* EXERCISE PROMPT: Word for word, restate the lines from the one holding "show ?thesis" through the end of the data below, including both endpoints and nothing more.

<<<<

lemma smooth_on3_bilinear:
  fixes f :: "real^3 \<Rightarrow> 'a::real_normed_vector" and g :: "real^3 \<Rightarrow> 'b::real_normed_vector"
    and prod :: "'a \<Rightarrow> 'b \<Rightarrow> 'c::real_normed_vector"
  shows "bounded_bilinear prod \<Longrightarrow> open U \<Longrightarrow> smooth_on3 U f \<Longrightarrow> smooth_on3 U g
    \<Longrightarrow> smooth_on3 U (\<lambda>x. prod (f x) (g x))"
  unfolding smooth_on3_def using Ck_bilinear by blast

lemma smooth_on3_mult:
  fixes f g :: "real^3 \<Rightarrow> real"
  shows "open U \<Longrightarrow> smooth_on3 U f \<Longrightarrow> smooth_on3 U g \<Longrightarrow> smooth_on3 U (\<lambda>x. f x * g x)"
  using smooth_on3_bilinear[OF bounded_bilinear_mult] by blast

lemma smooth_on3_scaleR:
  fixes f :: "real^3 \<Rightarrow> real" and g :: "real^3 \<Rightarrow> 'a::real_normed_vector"
  shows "open U \<Longrightarrow> smooth_on3 U f \<Longrightarrow> smooth_on3 U g \<Longrightarrow> smooth_on3 U (\<lambda>x. f x *\<^sub>R g x)"
  using smooth_on3_bilinear[OF bounded_bilinear_scaleR] by blast

lemma smooth_on3_inner:
  fixes f g :: "real^3 \<Rightarrow> 'a::real_inner"
  shows "open U \<Longrightarrow> smooth_on3 U f \<Longrightarrow> smooth_on3 U g \<Longrightarrow> smooth_on3 U (\<lambda>x. inner (f x) (g x))"
  using smooth_on3_bilinear[OF bounded_bilinear_inner] by blast

lemma smooth_on3_minus:
  fixes f :: "real^3 \<Rightarrow> 'a::real_normed_vector"
  assumes "open U" "smooth_on3 U f"
  shows "smooth_on3 U (\<lambda>x. - f x)"
  using smooth_on3_scaleR[OF assms(1) smooth_on3_const assms(2), of "-1"] by simp

lemma smooth_on3_diff:
  fixes f g :: "real^3 \<Rightarrow> 'a::real_normed_vector"
  assumes "open U" "smooth_on3 U f" "smooth_on3 U g"
  shows "smooth_on3 U (\<lambda>x. f x - g x)"
  using smooth_on3_add[OF assms(1,2) smooth_on3_minus[OF assms(1,3)]] by simp

lemma smooth_on3_ln:
  fixes g :: "real^3 \<Rightarrow> real"
  shows "open U \<Longrightarrow> (\<And>x. x \<in> U \<Longrightarrow> g x > 0) \<Longrightarrow> smooth_on3 U g \<Longrightarrow> smooth_on3 U (\<lambda>x. ln (g x))"
  unfolding smooth_on3_def using Ck_ln by blast

section \<open>Symmetry of second partial derivatives\<close>

lemma has_vector_derivative_line:
  assumes "G differentiable (at (a + t *\<^sub>R w))"
  shows "((\<lambda>t. G (a + t *\<^sub>R w)) has_vector_derivative (\<Sum>j\<in>UNIV. w $ j *\<^sub>R pd j G (a + t *\<^sub>R w)))
    (at t within S)"
proof -
  have "((\<lambda>t. a + t *\<^sub>R w) has_derivative (\<lambda>h. h *\<^sub>R w)) (at t within S)"
    by (rule derivative_eq_intros refl)+ simp
  from has_derivative_compose[OF this has_derivative_pd[OF assms]]
  show ?thesis
    unfolding has_vector_derivative_def by (simp add: o_def scaleR_sum_right)
qed

lemma has_vector_derivative_axis_line:
  assumes "G differentiable (at (a + t *\<^sub>R axis k 1))"
  shows "((\<lambda>t. G (a + t *\<^sub>R axis k 1)) has_vector_derivative pd k G (a + t *\<^sub>R axis k 1)) (at t within S)"
  using has_vector_derivative_line[OF assms] by (simp add: sum_axis_scaleR)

>>>>

* EXERCISE OUTPUT:
  show ?thesis
    unfolding has_vector_derivative_def by (simp add: o_def scaleR_sum_right)
qed

lemma has_vector_derivative_axis_line:
  assumes "G differentiable (at (a + t *\<^sub>R axis k 1))"
  shows "((\<lambda>t. G (a + t *\<^sub>R axis k 1)) has_vector_derivative pd k G (a + t *\<^sub>R axis k 1)) (at t within S)"
  using has_vector_derivative_line[OF assms] by (simp add: sum_axis_scaleR)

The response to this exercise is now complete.